Nordmark was very proud to have been instrumental in the formation of Living Well Disability Services, formerly Dakota’s Children, Inc. What is now Living Well Disability Services was founded as Dakota’s Children in 1972 by parents, volunteers and community partners in West St. Paul, including Nordmark. The program now provides person-centered services to people living in eight counties in the Greater Twin Cities area.
He also had an avid interest in automobiles and antique car restoration. He was particularly proud of his 1937 Packard Coupe, which he supercharged and named Moriah.
Nordmark is survived by his wife, Sandra, children, a granddaughter, sisters, nieces and nephews. Services will be held at a later date. Memorials are preferred to a favorite charity.
Skoglund lived with rare disorder
Duane Paul Skoglund lived a full life despite a rare genetic disorder. Skoglund died in May of complications of the COVID-19 virus. He was 73 and lived in Brooklyn Center.
Skoglund lived with Bardet-Biedl Syndrome. It has many physical and cognitive limitations, including vision loss.
He was a 30 year client of Opportunity Partners and spent the last 14 years at Presbyterian Homes, Maranatha Care Center. He gave cartoon character nicknames to people he liked.
Skoglund is survived by his father, brothers and their families, a sister-in-law and other family and friends. Services will be held at a later date. Memorials are preferred to Opportunity Partners or Minnesota Braille and Talking Book Library (State Services for the Blind).
Kane was an educational pioneer
Rosalie Ann Kane was a professor of social work and public health for more than 45 years, with a focus on case management, community-based care and person-centered care systems. Kane, 79, died in May after a brief battle with brain cancer. She was 79 and lived in Minneapolis.
Kane spent more than three decades at the University of Minnesota where she worked up until the time of her death. A pioneer in her field, Rosalie’s academic work focused on case management, community- based care, and transforming long term care systems to be more person-centered. She was a relentless champion for the rights of seniors and adults with disabilities to self-advocate. She led a movement to help elders find joy in aging.
She had many works published and was a tireless challenger of established norms in her fields of expertise. She was noted for truly caring about people, listening to them and sharing their stories.

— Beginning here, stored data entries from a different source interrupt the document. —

(*
  Every map of S_pqr moves by at most |q' - q| when q changes and contracts by r, so every point
  of K_q' lies within |q' - q| / (1 - r) of K_q.  The defining condition of Delta says that 0 lies
  in the compact set of gaps q p^m S_i x - r^(n+1) (1 - S_j y), x, y in K_q, which therefore moves
  continuously with q; hence Delta is relatively closed in D.

  For the dimension, write x and y as images of K_q under words of length k.  The parameters sharing
  a pair of codes form a set of diameter O(r^k): the gap is linear in q with slope at least p^m / 5,
  while q > a r^(n+1) / p^m keeps the r^(n+1)-term comparable to r p^m.  These 25 * 36^k sets cover
  Delta, so its s-dimensional Hausdorff measure vanishes as soon as 36 r^s < 1.
*)

section \<open>Attractors of iterated function systems\<close>

(* With T' = T and e = 0 this gives uniqueness of invariant compact sets; with T' a perturbation
   of T it bounds how far the invariant set moves. *)
lemma infdist_attractor_le:
  fixes K L :: "'a::heine_borel set" and T T' :: "'i \<Rightarrow> 'a \<Rightarrow> 'a"
  assumes K: "compact K" "K \<noteq> {}" and "bounded L"
    and K_inv: "\<And>i. i \<in> I \<Longrightarrow> T i ` K \<subseteq> K"
    and L_cov: "L \<subseteq> (\<Union>i\<in>I. T' i ` L)"
    and close: "\<And>i x y. i \<in> I \<Longrightarrow> x \<in> L \<Longrightarrow> y \<in> K \<Longrightarrow> dist (T' i x) (T i y) \<le> e + c * dist x y"
    and c: "0 \<le> c" "c < 1"
    and x: "x \<in> L"
  shows "infdist x K \<le> e / (1 - c)"
proof -
  define d where "d = (SUP x\<in>L. infdist x K)"
  have bdd: "bdd_above ((\<lambda>x. infdist x K) ` L)"
  proof -
    obtain a where a: "a \<in> K" using K by auto
    obtain B where "\<forall>x\<in>L. dist a x \<le> B" using \<open>bounded L\<close> bounded_any_center by blast
    then show ?thesis
      using infdist_le[OF a] by (intro bdd_aboveI2[of _ _ B]) (metis dist_commute order_trans)
  qed
  have "infdist z K \<le> e + c * d" if "z \<in> L" for z
  proof -
    obtain i x0 where i: "i \<in> I" "x0 \<in> L" "z = T' i x0" using L_cov \<open>z \<in> L\<close> by blast
    obtain y0 where y0: "y0 \<in> K" "infdist x0 K = dist x0 y0"
      using infdist_attains_inf[OF compact_imp_closed[OF K(1)] K(2)] by blast
    have "infdist z K \<le> dist z (T i y0)" using K_inv i y0 infdist_le by blast
    also have "\<dots> \<le> e + c * dist x0 y0" using close i y0 by blast
    also have "\<dots> \<le> e + c * d"
      using y0 c cSup_upper[OF imageI[OF i(2)] bdd] by (simp add: d_def mult_left_mono)
    finally show ?thesis .
  qed
  then have "d \<le> e + c * d" unfolding d_def using x by (intro cSUP_least) auto
  then have "d \<le> e / (1 - c)" using c by (simp add: pos_le_divide_eq algebra_simps)
  moreover have "infdist x K \<le> d" unfolding d_def using bdd x by (intro cSUP_upper)
  ultimately show ?thesis by simp
qed

lemma ifs_invariant_set_unique:
  fixes K L :: "'a::heine_borel set" and S :: "'i \<Rightarrow> 'a \<Rightarrow> 'a"
  assumes lip: "\<And>i x y. i \<in> I \<Longrightarrow> dist (S i x) (S i y) \<le> c * dist x y" and c: "0 \<le> c" "c < 1"
    and K: "compact K" "K \<noteq> {}" "K = (\<Union>i\<in>I. S i ` K)"
    and L: "compact L" "L \<noteq> {}" "L = (\<Union>i\<in>I. S i ` L)"
  shows "L = K"
proof -
  have "A \<subseteq> B" if A: "compact A" "A = (\<Union>i\<in>I. S i ` A)"
    and B: "compact B" "B \<noteq> {}" "B = (\<Union>i\<in>I. S i ` B)" for A B
  proof
    fix x assume "x \<in> A"
    have "infdist x B \<le> 0 / (1 - c)"
    proof (rule infdist_attractor_le[OF B(1,2) compact_imp_bounded[OF A(1)],
          where I = I and T = S and T' = S])
      show "S i ` B \<subseteq> B" if "i \<in> I" for i using that B(3) by blast
    qed (use lip c \<open>x \<in> A\<close> A(2) in auto)
    then show "x \<in> B"
      using infdist_nonneg[of x B] in_closure_iff_infdist_zero[OF B(2)] compact_imp_closed[OF B(1)]
      by (simp add: closure_closed)
  qed
  then show ?thesis using K L by blast
qed

lemma ifs_attractor_eqI:
  fixes K :: "real set" and S :: "'i \<Rightarrow> real \<Rightarrow> real"
  assumes "\<And>i x y. i \<in> I \<Longrightarrow> dist (S i x) (S i y) \<le> c * dist x y" "0 \<le> c" "c < 1"
    and "compact K" "K \<noteq> {}" "K = (\<Union>i\<in>I. S i ` K)"
  shows "ifs_attractor I S = K"
  unfolding ifs_attractor_def using ifs_invariant_set_unique[OF assms] assms(4-6)
  by (intro the_equality) blast+

lemma foldr_mem_invariant:
  assumes "\<And>i. i \<in> I \<Longrightarrow> S i ` X \<subseteq> X" "w \<in> lists I" "x \<in> X"
  shows "foldr S w x \<in> X"
  using assms(2) by (induction w) (use assms(1,3) in auto)

lemma ifs_invariant_set_exists:
  fixes S :: "'i \<Rightarrow> 'a::heine_borel \<Rightarrow> 'a"
  assumes X: "compact X" "\<And>i. i \<in> I \<Longrightarrow> S i ` X \<subseteq> X"
    and cont: "\<And>i. i \<in> I \<Longrightarrow> continuous_on UNIV (S i)"
    and "finite I" and fixed: "i0 \<in> I" "S i0 x0 = x0" "x0 \<in> X"
  shows "\<exists>K. compact K \<and> K \<noteq> {} \<and> K \<subseteq> X \<and> K = (\<Union>i\<in>I. S i ` K)"
proof -
  define Orb where "Orb = (\<lambda>w. foldr S w x0) ` lists I"
  have "x0 \<in> Orb" unfolding Orb_def by (rule image_eqI[of _ _ "[]"]) auto
  have Orb_step: "S i ` Orb \<subseteq> Orb" if "i \<in> I" for i
  proof
    fix y assume "y \<in> S i ` Orb"
    then obtain w where "w \<in> lists I" "y = foldr S (i # w) x0" unfolding Orb_def by auto
    then show "y \<in> Orb" using that unfolding Orb_def by (intro image_eqI[of _ _ "i # w"]) auto
  qed
  have "Orb \<subseteq> X" unfolding Orb_def using foldr_mem_invariant[of I S X _ x0] X(2) fixed(3) by blast
  then have KX: "closure Orb \<subseteq> X" using X(1) by (simp add: closure_minimal compact_imp_closed)
  then have K: "compact (closure Orb)"
    by (simp add: compact_eq_bounded_closed bounded_subset[OF compact_imp_bounded[OF X(1)]])
  have "x0 \<in> S i0 ` Orb" using fixed(2) \<open>x0 \<in> Orb\<close> by (metis imageI)
  have "Orb \<subseteq> (\<Union>i\<in>I. S i ` Orb)"
  proof
    fix y assume "y \<in> Orb"
    then obtain w where w: "w \<in> lists I" "y = foldr S w x0" unfolding Orb_def by blast
    show "y \<in> (\<Union>i\<in>I. S i ` Orb)"
    proof (cases w)
      case Nil
      then show ?thesis using w \<open>x0 \<in> S i0 ` Orb\<close> fixed(1) by auto
    next
      case (Cons i v)
      then have "v \<in> lists I" "i \<in> I" "y = S i (foldr S v x0)" using w by auto
      then show ?thesis unfolding Orb_def by blast
    qed
  qed
  also have "\<dots> \<subseteq> (\<Union>i\<in>I. S i ` closure Orb)" using closure_subset by blast
  finally have "closure Orb \<subseteq> (\<Union>i\<in>I. S i ` closure Orb)"
    using K continuous_on_subset[OF cont subset_UNIV] \<open>finite I\<close>
    by (intro closure_minimal compact_imp_closed compact_UN compact_continuous_image) auto
  moreover have "S i ` closure Orb \<subseteq> closure Orb" if "i \<in> I" for i
    using image_closure_subset[OF continuous_on_subset[OF cont[OF that] subset_UNIV] closed_closure]
      Orb_step[OF that] closure_subset by blast
  moreover have "closure Orb \<noteq> {}" using \<open>x0 \<in> Orb\<close> closure_subset by blast
  ultimately show ?thesis using K KX by blast
qed

lemma invariant_set_foldr_decomp:
  assumes K: "K \<subseteq> (\<Union>i\<in>I. S i ` K)" and "x \<in> K"
  shows "\<exists>w. set w \<subseteq> I \<and> length w = k \<and> (\<exists>z\<in>K. x = foldr S w z)"
  using \<open>x \<in> K\<close>
proof (induction k arbitrary: x)
  case 0
  then show ?case by force
next
  case (Suc k)
  obtain i x0 where "i \<in> I" "x0 \<in> K" "x = S i x0" using K Suc.prems by blast
  moreover obtain w z where "w \<in> lists I" "length w = k" "z \<in> K" "x0 = foldr S w z"
    using Suc.IH[OF \<open>x0 \<in> K\<close>] by blast
  ultimately show ?case by (intro exI[of _ "i # w"]) auto
qed

section \<open>Hausdorff-null sets\<close>

lemma hausdorff_pre_le_finite_cover:
  fixes Q :: "'c \<Rightarrow> real set"
  assumes "finite F" and cover: "A \<subseteq> (\<Union>c\<in>F. Q c)"
    and small: "\<And>c. c \<in> F \<Longrightarrow> bounded (Q c) \<and> diameter (Q c) \<le> \<delta>" and "0 \<le> \<delta>"
  shows "hausdorff_pre s \<delta> A \<le> ennreal (\<Sum>c\<in>F. diameter (Q c) powr s)"
proof -
  define N where "N = card F"
  obtain f where f: "bij_betw f {..<N} F"
    using ex_bij_betw_nat_finite[OF \<open>finite F\<close>] by (auto simp: N_def atLeast0LessThan)
  define C where "C i = (if i < N then Q (f i) else {})" for i
  have "A \<subseteq> (\<Union>i. C i)"
    using cover f unfolding C_def bij_betw_def by (force split: if_splits)
  moreover have "bounded (C i) \<and> diameter (C i) \<le> \<delta>" for i
    using small f \<open>0 \<le> \<delta>\<close> unfolding C_def bij_betw_def by auto
  ultimately have "hausdorff_pre s \<delta> A \<le> (\<Sum>i. ennreal (diameter (C i) powr s))"
    unfolding hausdorff_pre_def by (intro INF_lower) blast
  also have "\<dots> = (\<Sum>i<N. ennreal (diameter (C i) powr s))"
    by (rule suminf_finite) (auto simp: C_def)
  also have "\<dots> = ennreal (\<Sum>i<N. diameter (Q (f i)) powr s)"
    by (simp add: C_def sum_ennreal)
  also have "(\<Sum>i<N. diameter (Q (f i)) powr s) = (\<Sum>c\<in>F. diameter (Q c) powr s)"
    by (rule sum.reindex_bij_betw[OF f])
  finally show ?thesis .
qed

lemma hausdorff_measure_eq_0_if_covers:
  fixes F :: "nat \<Rightarrow> 'c set" and Q :: "nat \<Rightarrow> 'c \<Rightarrow> real set" and \<rho> :: "nat \<Rightarrow> real"
  assumes fin: "\<And>k. finite (F k)" and cover: "\<And>k. A \<subseteq> (\<Union>c\<in>F k. Q k c)"
    and small: "\<And>k c. c \<in> F k \<Longrightarrow> bounded (Q k c) \<and> diameter (Q k c) \<le> \<rho> k"
    and \<rho>: "\<rho> \<longlonglongrightarrow> 0" and sums: "(\<lambda>k. card (F k) * \<rho> k powr s) \<longlonglongrightarrow> 0" and "0 \<le> s"
  shows "hausdorff_measure s A = 0"
proof -
  have "hausdorff_pre s \<delta> A \<le> ennreal \<epsilon>" if "0 < \<delta>" "0 < \<epsilon>" for \<delta> \<epsilon>
  proof -
    obtain k where k: "\<rho> k < \<delta>" "card (F k) * \<rho> k powr s < \<epsilon>"
      using eventually_conj[OF order_tendstoD(2)[OF \<rho> \<open>0 < \<delta>\<close>] order_tendstoD(2)[OF sums \<open>0 < \<epsilon>\<close>]]
      by (auto simp: eventually_sequentially)
    have "hausdorff_pre s \<delta> A \<le> ennreal (\<Sum>c\<in>F k. diameter (Q k c) powr s)"
      using small k(1) \<open>0 < \<delta>\<close> by (intro hausdorff_pre_le_finite_cover[OF fin cover]) force+
    also have "(\<Sum>c\<in>F k. diameter (Q k c) powr s) \<le> card (F k) * \<rho> k powr s"
      using small \<open>0 \<le> s\<close> by (intro sum_bounded_above powr_mono2) (auto simp: diameter_ge_0)
    finally show ?thesis using k(2) by (meson ennreal_leI less_imp_le order_trans)
  qed
  then have "hausdorff_pre s \<delta> A = 0" if "0 < \<delta>" for \<delta>
    using that by (metis ennreal_le_epsilon add_0 le_zero_eq)
  then show ?thesis unfolding hausdorff_measure_def by simp
qed

lemma hausdorff_dim_le:
  assumes "0 \<le> s0" and null: "\<And>s. s0 < s \<Longrightarrow> hausdorff_measure s A = 0"
  shows "hausdorff_dim A \<le> s0"
proof (rule field_le_epsilon)
  fix e :: real assume "0 < e"
  then have "s0 + e \<in> {s. 0 \<le> s \<and> hausdorff_measure s A = 0}" using null \<open>0 \<le> s0\<close> by simp
  then show "hausdorff_dim A \<le> s0 + e"
    unfolding hausdorff_dim_def by (rule cInf_lower) (auto intro: bdd_belowI[of _ 0])
qed

lemma mult_powr_less_one:
  fixes r b s :: real
  assumes "0 < r" "r < 1" "0 < b" and s: "- ln b / ln r < s"
  shows "b * r powr s < 1"
proof -
  have "ln r < 0" using assms by simp
  then have "s * ln r < (- ln b / ln r) * ln r" using s by (intro mult_strict_right_mono_neg)
  then have "s * ln r < - ln b" using \<open>ln r < 0\<close> by simp
  then have "exp (ln b + s * ln r) < 1" by simp
  then show ?thesis using assms by (simp add: powr_def exp_add)
qed

section \<open>The family of attractors K_pqr\<close>

lemma Spqr_1_funpow: "(Spqr p q r 1 ^^ m) x = p ^ m * x"
  by (induction m) (simp_all add: Spqr_def)

lemma Spqr_6_funpow: "(Spqr p q r 6 ^^ n) x = 1 - r ^ n * (1 - x)"
proof (induction n)
  case (Suc n)
  have "(Spqr p q r 6 ^^ Suc n) x = Spqr p q r 6 (1 - r ^ n * (1 - x))" using Suc by simp
  also have "\<dots> = 1 - r ^ Suc n * (1 - x)" by (simp add: Spqr_def algebra_simps)
  finally show ?case .
qed simp

lemma continuous_on_Spqr: "continuous_on S (Spqr p q r i)"
proof -
  have affine: "Spqr p q r i = (\<lambda>x. Spqr p q r i 0 + (Spqr p q r i 1 - Spqr p q r i 0) * x)"
    by (rule ext) (simp add: Spqr_def algebra_simps)
  show ?thesis by (subst affine) (intro continuous_intros)
qed

lemma Deltamn_iff:
  "q \<in> Deltamn m n p r \<longleftrightarrow> q \<in> Dmn m n p r \<and>
     (\<exists>i\<in>{2..6}. \<exists>j\<in>{1..5}. \<exists>x\<in>Kpqr p q r. \<exists>y\<in>Kpqr p q r.
        q * p ^ m * Spqr p q r i x = r ^ (n + 1) * (1 - Spqr p q r j y))"
proof -
  have "(Spqr p q r 3 \<circ> (Spqr p q r 1 ^^ m) \<circ> Spqr p q r i) x =
        (Spqr p q r 4 \<circ> (Spqr p q r 6 ^^ n) \<circ> Spqr p q r j) y \<longleftrightarrow>
      q * p ^ m * Spqr p q r i x = r ^ (n + 1) * (1 - Spqr p q r j y)" for i j x y
  proof -
    have S34: "Spqr p q r 3 u = hcst - q * u" "Spqr p q r 4 u = hcst - r + r * u" for u
      by (simp_all add: Spqr_def)
    show ?thesis unfolding comp_apply Spqr_1_funpow Spqr_6_funpow S34 by (auto simp: algebra_simps)
  qed
  then show ?thesis unfolding Deltamn_def by blast
qed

Kane and her husband, the late Robert Kane, taught at the University of Minnesota for decades. He was the Minnesota Chair of Aging and Long-Term Care at the University of Minnesota’s School of Public Health where he was a professor for more than 30 years.
She was extremely proud of her Canadian heritage and remained connected to her Ottawa Valley roots. She was also dedicated to feminism and her Jewish faith. Growing up in an era when religious education was largely reserved for boys, Kane was bat-mitzvahed as an adult and her synagogue remained an important focal point of her intellectual and spiritual life.
Kane is survived by three daughters and their families, many other family members, colleagues and friends. Services have been held. Memorials are preferred to the Robert L. and Rosalie A. Kane Scholarship Fund at the Minnesota Gerontological Society, Planned Parenthood, Southern Poverty Law Center or any organization that advances social justice.